Material supplied START

lemma quotient_extends_to_closed_upper_half_plane:
  fixes A B :: "complex \<Rightarrow> complex" and C :: real
  assumes A: "A holomorphic_on UNIV" and B: "B holomorphic_on UNIV"
    and upper: "\<And>z. Im z > 0 \<Longrightarrow> norm (A z) \<le> C * norm (B z)"
    and real_axis: "\<And>x. Im x = 0 \<Longrightarrow> norm (A x / B x) \<le> 1"
  obtains \<rho> where "\<rho> analytic_on {z. Im z \<ge> 0}"
    and "\<And>z. Im z > 0 \<Longrightarrow> norm (\<rho> z) \<le> \<bar>C\<bar>"
    and "\<And>z. Im z = 0 \<Longrightarrow> norm (\<rho> z) \<le> 1"
    and "\<And>z. B z \<noteq> 0 \<Longrightarrow> \<rho> z = A z / B z"
proof
  define q where "q = (\<lambda>z. A z / B z)"
  have A': "A analytic_on UNIV" and B': "B analytic_on UNIV"
    using A B by (simp_all add: analytic_on_open)
  have "q meromorphic_on UNIV"
    unfolding q_def by (intro meromorphic_on_divide analytic_on_imp_meromorphic_on A' B')
  then have mero: "q meromorphic_on {z}" for z
    using meromorphic_on_subset by blast
  have q_upper: "norm (q z) \<le> \<bar>C\<bar>" if "z \<in> {z. Im z > 0}" for z
  proof (cases "B z = 0")
    case False
    have "norm (A z) \<le> \<bar>C\<bar> * norm (B z)"
      using upper[of z] that mult_right_mono[OF abs_ge_self norm_ge_zero, of C "B z"] by simp
    then show ?thesis
      using False by (simp add: q_def norm_divide divide_le_eq)
  qed (simp add: q_def)
  have q_real: "norm (q z) \<le> 1" if "z \<in> {z. Im z = 0}" for z
    using real_axis that by (simp add: q_def)
  have remove: "remove_sings q analytic_on {z}" "(q \<longlongrightarrow> remove_sings q z) (at z)"
    if "Im z \<ge> 0" for z
    using remove_sings_analytic_at_if_bounded[OF mero islimpt_upper_half_plane[OF that] q_upper]
    by blast+
  show "remove_sings q analytic_on {z. Im z \<ge> 0}"
    using remove(1) analytic_on_analytic_at by blast
  show "norm (remove_sings q z) \<le> \<bar>C\<bar>" if "Im z > 0" for z
    using that by (intro Lim_norm_ubound_islimpt[OF remove(2) islimpt_upper_half_plane q_upper]) auto
  show "norm (remove_sings q z) \<le> 1" if "Im z = 0" for z
    using that by (intro Lim_norm_ubound_islimpt[OF remove(2) islimpt_real_axis q_real]) auto
  show "remove_sings q z = A z / B z" if "B z \<noteq> 0" for z
  proof -
    have "q analytic_on {z}"
      unfolding q_def using that A' B' by (intro analytic_on_divide) (auto intro: analytic_on_subset)
    then show ?thesis by (simp add: q_def)
  qed
qed

lemma phragmen_lindelof_quotient:
  fixes A B :: "complex \<Rightarrow> complex" and C :: real
  assumes "A holomorphic_on UNIV" and "B holomorphic_on UNIV"
    and upper: "\<And>z. Im z > 0 \<Longrightarrow> norm (A z) \<le> C * norm (B z)"
    and "\<And>x. Im x = 0 \<Longrightarrow> norm (A x / B x) \<le> 1"
    and w: "Im w > 0"
  shows "norm (A w) \<le> norm (B w)"
proof (cases "B w = 0")
  case True
  then show ?thesis using upper[OF w] by simp
next
  case False
  obtain \<rho> where \<rho>: "\<rho> analytic_on {z. Im z \<ge> 0}"
    and bounds: "\<And>z. Im z > 0 \<Longrightarrow> norm (\<rho> z) \<le> \<bar>C\<bar>" "\<And>z. Im z = 0 \<Longrightarrow> norm (\<rho> z) \<le> 1"
    and quotient: "\<And>z. B z \<noteq> 0 \<Longrightarrow> \<rho> z = A z / B z"
    using quotient_extends_to_closed_upper_half_plane[OF assms(1-4)] by blast
  have "norm (\<rho> w) \<le> 1"
  proof (rule phragmen_lindelof_upper_half_plane[OF _ _ bounds w])
    show "continuous_on {z. Im z \<ge> 0} \<rho>"
      using \<rho> by (intro holomorphic_on_imp_continuous_on analytic_imp_holomorphic)
    show "\<rho> holomorphic_on {z. Im z > 0}"
      using \<rho> by (rule holomorphic_on_subset[OF analytic_imp_holomorphic]) auto
  qed
  then show ?thesis
    using quotient[OF False] False by (simp add: norm_divide divide_le_eq)
qed

lemma entire_sharp:
  assumes "entire g"
  shows "entire (sharp g)"
  using assms holomorphic_on_compose_cnj_cnj[of g UNIV]
  by (simp add: entire_def sharp_def o_def image_cnj_conv_vimage_cnj)

lemma norm_sharp_of_real [simp]: "norm (sharp g (of_real x)) = norm (g (of_real x))"
  by (simp add: sharp_def)

lemma bounded_analytic_quotient_norm_le:
  assumes h: "entire h" and E: "entire E" and "bounded_analytic_quotient h E"
    and real_axis: "\<And>x::real. norm (h x / E x) \<le> 1"
    and z: "z \<in> upper_half_plane"
  shows "norm (h z) \<le> norm (E z)"
proof -
  obtain g where "bounded (g ` upper_half_plane)"
    and h_eq: "\<And>z. z \<in> upper_half_plane \<Longrightarrow> h z = g z * E z"
    using assms(3) unfolding bounded_analytic_quotient_def by blast
  then obtain M where M: "\<And>z. z \<in> upper_half_plane \<Longrightarrow> norm (g z) \<le> M"
    by (auto simp: bounded_iff)
  show ?thesis
  proof (rule phragmen_lindelof_quotient[of h E M])
    show "norm (h v) \<le> M * norm (E v)" if "Im v > 0" for v
      using that h_eq[of v] M[of v]
      by (simp add: upper_half_plane_def norm_mult mult_right_mono)
    show "norm (h x / E x) \<le> 1" if "Im x = 0" for x
      using that real_axis[of "Re x"] complex_is_Real_iff[of x] by (metis Reals_cases Re_complex_of_real)
  qed (use h E z in \<open>auto simp: entire_def upper_half_plane_def\<close>)
qed

lemma norm_sharp_diff_mult_le:
  fixes f E :: "complex \<Rightarrow> complex" and l v :: complex
  assumes E_cnj_le: "norm (E (cnj v)) \<le> norm (E v)"
    and f_le: "norm (f v) \<le> norm (E v)" and f_cnj_le: "norm (f (cnj v)) \<le> norm (E v)"
    and l: "norm l > 1"
  shows "norm (sharp (\<lambda>z. f z - l * E z) v) \<le> (1 + norm l) / (norm l - 1) * norm (f v - l * E v)"
    (is "_ \<le> ?C * _")
proof -
  have "norm (sharp (\<lambda>z. f z - l * E z) v) \<le> norm (f (cnj v)) + norm l * norm (E (cnj v))"
    unfolding sharp_def complex_mod_cnj using norm_triangle_ineq4 by (metis norm_mult)
  also have "\<dots> \<le> norm (E v) + norm l * norm (E v)"
    using f_cnj_le mult_left_mono[OF E_cnj_le norm_ge_zero[of l]] by linarith
  also have "\<dots> = (1 + norm l) * norm (E v)"
    by (simp add: algebra_simps)
  also have "\<dots> = ?C * ((norm l - 1) * norm (E v))"
    using l by simp
  also have "\<dots> \<le> ?C * norm (f v - l * E v)"
  proof (rule mult_left_mono)
    have "norm l * norm (E v) \<le> norm (f v - l * E v) + norm (f v)"
      using norm_triangle_ineq2[of "l * E v" "f v"] norm_minus_commute[of "l * E v" "f v"]
      by (simp add: norm_mult)
    then show "(norm l - 1) * norm (E v) \<le> norm (f v - l * E v)"
      using f_le by (simp add: algebra_simps)
  qed (use l in simp)
  finally show ?thesis .
qed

Material supplied END

Task directions: If a line in the records above has the word "False", copy it out.

Written response:
    case False
      using False by (simp add: q_def norm_divide divide_le_eq)
  case False
    using quotient[OF False] False by (simp add: norm_divide divide_le_eq)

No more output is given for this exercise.